Task description - Using the records below, repeat exactly the lines from the one holding "using z fin" through the one holding "by (subst sum.reindex_bij_betw[symmetric])", both ends included, and no others.

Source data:
lemma bij_betw_Match'_split:
  assumes disj: "A1 \<inter> A2 = {}" and z: "z \<subseteq> A1 \<union> A2"
  shows "bij_betw (\<lambda>M. ({S\<in>M. S \<subseteq> A1}, {S\<in>M. S \<subseteq> A2}))
    {M \<in> Match' z. \<forall>S\<in>M. S \<subseteq> A1 \<or> S \<subseteq> A2} (Match' (z \<inter> A1) \<times> Match' (z \<inter> A2))"
proof (rule bij_betw_byWitness[where f' = "\<lambda>(M1, M2). M1 \<union> M2"])
  show "\<forall>M \<in> {M \<in> Match' z. \<forall>S\<in>M. S \<subseteq> A1 \<or> S \<subseteq> A2}.
      (\<lambda>(M1, M2). M1 \<union> M2) ({S\<in>M. S \<subseteq> A1}, {S\<in>M. S \<subseteq> A2}) = M"
    by auto
  have blocks: "S \<subseteq> A \<and> S \<noteq> {}" if "M \<in> Match' (z \<inter> A)" "S \<in> M" for M A S
    using Match'_block_subset[OF that] Match'_block(1)[OF that] by blast
  show "\<forall>p \<in> Match' (z \<inter> A1) \<times> Match' (z \<inter> A2).
      (\<lambda>M. ({S\<in>M. S \<subseteq> A1}, {S\<in>M. S \<subseteq> A2})) ((\<lambda>(M1, M2). M1 \<union> M2) p) = p"
  proof
    fix p assume "p \<in> Match' (z \<inter> A1) \<times> Match' (z \<inter> A2)"
    then obtain M1 M2 where p: "p = (M1, M2)" "M1 \<in> Match' (z \<inter> A1)" "M2 \<in> Match' (z \<inter> A2)"
      by blast
    have "S \<notin> M2" if "S \<subseteq> A1" for S
      using blocks[OF p(3)] that disj by blast
    moreover have "S \<notin> M1" if "S \<subseteq> A2" for S
      using blocks[OF p(2)] that disj by blast
    ultimately have "{S \<in> M1 \<union> M2. S \<subseteq> A1} = M1" "{S \<in> M1 \<union> M2. S \<subseteq> A2} = M2"
      using blocks[OF p(2)] blocks[OF p(3)] by blast+
    then show "(\<lambda>M. ({S\<in>M. S \<subseteq> A1}, {S\<in>M. S \<subseteq> A2})) ((\<lambda>(M1, M2). M1 \<union> M2) p) = p"
      using p(1) by simp
  qed
  show "(\<lambda>M. ({S\<in>M. S \<subseteq> A1}, {S\<in>M. S \<subseteq> A2})) ` {M \<in> Match' z. \<forall>S\<in>M. S \<subseteq> A1 \<or> S \<subseteq> A2}
      \<subseteq> Match' (z \<inter> A1) \<times> Match' (z \<inter> A2)"
  proof (rule image_subsetI)
    fix M assume M: "M \<in> {M \<in> Match' z. \<forall>S\<in>M. S \<subseteq> A1 \<or> S \<subseteq> A2}"
    then have "\<forall>S\<in>M. S \<subseteq> A1 \<or> S \<inter> A1 = {}" "\<forall>S\<in>M. S \<subseteq> A2 \<or> S \<inter> A2 = {}"
      using disj by blast+
    with M show "({S\<in>M. S \<subseteq> A1}, {S\<in>M. S \<subseteq> A2}) \<in> Match' (z \<inter> A1) \<times> Match' (z \<inter> A2)"
      by (simp add: Match'_restrict)
  qed
  show "(\<lambda>(M1, M2). M1 \<union> M2) ` (Match' (z \<inter> A1) \<times> Match' (z \<inter> A2))
      \<subseteq> {M \<in> Match' z. \<forall>S\<in>M. S \<subseteq> A1 \<or> S \<subseteq> A2}"
  proof (rule image_subsetI)
    fix p assume "p \<in> Match' (z \<inter> A1) \<times> Match' (z \<inter> A2)"
    then obtain M1 M2 where p: "p = (M1, M2)" and M: "M1 \<in> Match' (z \<inter> A1)" "M2 \<in> Match' (z \<inter> A2)"
      by blast
    have "(z \<inter> A1) \<union> (z \<inter> A2) = z" "(z \<inter> A1) \<inter> (z \<inter> A2) = {}" using disj z by blast+
    then have "M1 \<union> M2 \<in> Match' z" using Match'_Un[OF M] by simp
    moreover have "\<forall>S\<in>M1 \<union> M2. S \<subseteq> A1 \<or> S \<subseteq> A2"
      using blocks[OF M(1)] blocks[OF M(2)] by blast
    ultimately show "(\<lambda>(M1, M2). M1 \<union> M2) p \<in> {M \<in> Match' z. \<forall>S\<in>M. S \<subseteq> A1 \<or> S \<subseteq> A2}"
      using p by simp
  qed
qed

lemma windable_tensor:
  assumes fin: "finite A1" "finite A2" and disj: "A1 \<inter> A2 = {}"
    and "windable A1 G1" "windable A2 G2"
  shows "windable (A1 \<union> A2) (\<lambda>a. G1 (a \<inter> A1) * G2 (a \<inter> A2))"
proof -
  obtain B1 B2 where "winding A1 G1 B1" "winding A2 G2 B2"
    using assms(4,5) windable_iff_winding by blast
  then interpret W1: winding A1 G1 B1 + W2: winding A2 G2 B2 .
  define separated where "separated M = (\<forall>S\<in>M. S \<subseteq> A1 \<or> S \<subseteq> A2)" for M :: "'a set set"
  define B where "B x y M = (if separated M
    then B1 (x \<inter> A1) (y \<inter> A1) {S\<in>M. S \<subseteq> A1} * B2 (x \<inter> A2) (y \<inter> A2) {S\<in>M. S \<subseteq> A2}
    else 0)" for x y M
  have restrict: "{S\<in>M. S \<subseteq> A} \<in> Match' (xor_set (x \<inter> A) (y \<inter> A))"
    if "M \<in> Match' (xor_set x y)" "separated M" "A = A1 \<or> A = A2" for M x y A
    using that disj unfolding xor_set_Int separated_def by (intro Match'_restrict) blast+
  have "winding (A1 \<union> A2) (\<lambda>a. G1 (a \<inter> A1) * G2 (a \<inter> A2)) B"
  proof
    fix x y M S
    assume xy: "x \<subseteq> A1 \<union> A2" "y \<subseteq> A1 \<union> A2"
    show "0 \<le> G1 (x \<inter> A1) * G2 (x \<inter> A2)"
      by (simp add: W1.F_nonneg W2.F_nonneg)
    show "0 \<le> B x y M" if "M \<in> Match' (xor_set x y)"
      using that restrict unfolding B_def by (simp add: W1.B_nonneg W2.B_nonneg)
    show "G1 (x \<inter> A1) * G2 (x \<inter> A2) * (G1 (y \<inter> A1) * G2 (y \<inter> A2)) =
        (\<Sum>M\<in>Match' (xor_set x y). B x y M)"
    proof -
      have z: "xor_set x y \<subseteq> A1 \<union> A2" using xy by (rule xor_set_subset)
      have "(\<Sum>M\<in>Match' (xor_set x y). B x y M) = (\<Sum>M\<in>{M\<in>Match' (xor_set x y). separated M}. B x y M)"
        using z fin by (intro sum.mono_neutral_right finite_Match') (auto simp: B_def intro: finite_subset)
      also have "\<dots> = (\<Sum>(M1, M2)\<in>Match' (xor_set x y \<inter> A1) \<times> Match' (xor_set x y \<inter> A2).
          B1 (x \<inter> A1) (y \<inter> A1) M1 * B2 (x \<inter> A2) (y \<inter> A2) M2)"
        using bij_betw_Match'_split[OF disj z] unfolding separated_def[abs_def] B_def
        by (subst sum.reindex_bij_betw[symmetric]) auto
      also have "\<dots> = (G1 (x \<inter> A1) * G1 (y \<inter> A1)) * (G2 (x \<inter> A2) * G2 (y \<inter> A2))"
        by (simp add: W1.product_eq W2.product_eq sum_product sum.cartesian_product xor_set_Int)
      finally show ?thesis by (simp add: algebra_simps)
    qed
    show "B x y M = B (xor_set x S) (xor_set y S) M" if "M \<in> Match' (xor_set x y)" "S \<in> M"
    proof (cases "separated M")
      case True
      have flip_Int: "xor_set x S \<inter> A = xor_set (x \<inter> A) (S \<inter> A)" for x A
        unfolding xor_set_def by auto
      from True that(2) consider "S \<subseteq> A1" | "S \<subseteq> A2" unfolding separated_def by blast
      then show ?thesis
      proof cases
        case 1
        then have "S \<inter> A1 = S" "S \<inter> A2 = {}" using disj by auto
        then show ?thesis
          using W1.flip_invariant[OF Int_lower2 Int_lower2 restrict[OF that(1) True], of S] 1 that(2)
          unfolding B_def flip_Int by simp
      next
        case 2
        then have "S \<inter> A2 = S" "S \<inter> A1 = {}" using disj by auto
        then show ?thesis
          using W2.flip_invariant[OF Int_lower2 Int_lower2 restrict[OF that(1) True], of S] 2 that(2)
          unfolding B_def flip_Int by simp
      qed
    qed (simp add: B_def)
  qed
  then show ?thesis using windable_iff_winding by blast
qed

Worked solution -
        using z fin by (intro sum.mono_neutral_right finite_Match') (auto simp: B_def intro: finite_subset)
      also have "\<dots> = (\<Sum>(M1, M2)\<in>Match' (xor_set x y \<inter> A1) \<times> Match' (xor_set x y \<inter> A2).
          B1 (x \<inter> A1) (y \<inter> A1) M1 * B2 (x \<inter> A2) (y \<inter> A2) M2)"
        using bij_betw_Match'_split[OF disj z] unfolding separated_def[abs_def] B_def
        by (subst sum.reindex_bij_betw[symmetric]) auto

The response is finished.